Comme j'y retrouve beaucoup des impressions ressenties lors de trop rares interviews du personnage, je dépose ces mots ici :
"Nerveux, cabochard, autoritaire, Bartabas aime se cabrer comme ses chevaux, pour impressionner. Mais l'ombrageux patriarche du théâtre Zingaro et le chef d'orchestre de l'Académie de Versailles n'a rien d'une diva. Il se méfie des hommes, tout simplement. L'artiste a trouvé sa matière dans le cuivré des robes équines, dans les pas de danse des chevaux, dans la fuite, perpétuelle, d'un galop.
On dit d'un cheval qui a un bon mental, ou une "bonne tête", qu'il est "franc". Bartabas est de cet acabit. La fourberie ne fait pas partie de son répertoire. Tout simplement parce qu'à cheval, on ne ment pas. Si sa stature impressionne, c'est pourtant en selle que Bartabas est entier. Comme l'albatros, pataud sur les planches du bateau, l'homme est gauche sur ses seuls pieds. Brusque et farouche. A dos de ses âmes soeurs, il se fond dans l'animal pour ne faire plus qu'un. Sa grande silhouette devient centaure. Qui du cheval ou du cavalier tourbillonne alors ? Qu'importe ! Bartabas est le gardien d'un monde où le silence est la langue officielle, où les murmures des chevaux font la loi, où l'art, éphémère, prend vie." (Source Evène.fr)
J'ajoute enfin un lien vers la très belle et virulente lettre ouverte qu'il a adressée en décembre 2007 à Christine Albanel, Ministre de la Culture.
http://tempsreel.nouvelobs.com/actualites/opinions/20080102.OBS3036/les_raisons_de_la_colere.html
Ecrit par : Miss You | 02 septembre 2008
si je ne me trompe pas, j ai vu un reportage sur lui où il explique son rêve d enfant, d être centaure ! La vie dit-il m a exaucé ! Il fait corps avec son cheval depuis son accident, disant de sa communion avec lui : " je sens ses sabots dans la poussière ", ou quelque chose comme ça. Il parle aussi de façon très forte d être un avec lui. Ce corps à corps qui a aussi fait revivre son propre corps, que le cheval est le prolongement de lui même dans ses jambes. Enfin c est vrai que moi j ai adoré cette force, cette volonté, cette rigueur, cette vivacité, bref tout !
Et puis en plus il joue à ravir du piano !

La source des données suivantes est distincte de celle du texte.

section \<open>Terminating hypergeometric series\<close>

definition hyp3F2_term :: "real \<Rightarrow> real \<Rightarrow> real \<Rightarrow> real \<Rightarrow> real \<Rightarrow> real \<Rightarrow> nat \<Rightarrow> real" where
  "hyp3F2_term a1 a2 a3 b1 b2 z s =
     pochhammer a1 s * pochhammer a2 s * pochhammer a3 s
       / (pochhammer b1 s * pochhammer b2 s) * z ^ s / fact s"

lemma hyp3F2_eq_sum:
  assumes "a \<in> {a1, a2, a3}" "a = - of_nat m" "m \<le> M"
  shows "hyp3F2 a1 a2 a3 b1 b2 z = (\<Sum>s\<le>M. hyp3F2_term a1 a2 a3 b1 b2 z s)"
proof -
  define S where "S = {nat \<lfloor>-a\<rfloor> | a. a \<in> {a1, a2, a3} \<and> a \<in> \<int> \<and> a \<le> 0}"
  have "finite S"
    by (rule finite_subset[of _ "(\<lambda>a. nat \<lfloor>-a\<rfloor>) ` {a1, a2, a3}"]) (auto simp: S_def)
  moreover have "m \<in> S"
    unfolding S_def using assms(1,2) by (intro CollectI exI[of _ a]) auto
  ultimately have "Min S \<in> S" "Min S \<le> m"
    by (auto intro: Min_in)
  then obtain a' where a': "a' \<in> {a1, a2, a3}" "a' = - of_nat (Min S)"
    unfolding S_def by (auto elim!: Ints_cases)
  have "hyp3F2_term a1 a2 a3 b1 b2 z s = 0" if "Min S < s" for s
  proof -
    have "pochhammer a' s = 0"
      unfolding pochhammer_eq_0_iff using that a'(2) by blast
    then show ?thesis using a'(1) unfolding hyp3F2_term_def by auto
  qed
  then have "(\<Sum>s\<le>Min S. hyp3F2_term a1 a2 a3 b1 b2 z s) = (\<Sum>s\<le>M. hyp3F2_term a1 a2 a3 b1 b2 z s)"
    using \<open>Min S \<le> m\<close> assms(3) by (intro sum.mono_neutral_left) auto
  then show ?thesis
    unfolding hyp3F2_def hyp3F2_term_def S_def Let_def by simp
qed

Ecrit par : sampang | 02 septembre 2008
J'ai eu le grand plaisir de voir en mai 2007 avec Miss un spectacle de Bartabas à Nîmes, présenté par les élèves de son école d'équitation de Versailles.
Il est apparu pendant deux minutes complètement à la fin, dans la pénombre, ne faisant qu'un avec sa monture. On ne voyait plus que lui, le reste du monde semblait se figer. Et aucun doute, il était un centaure.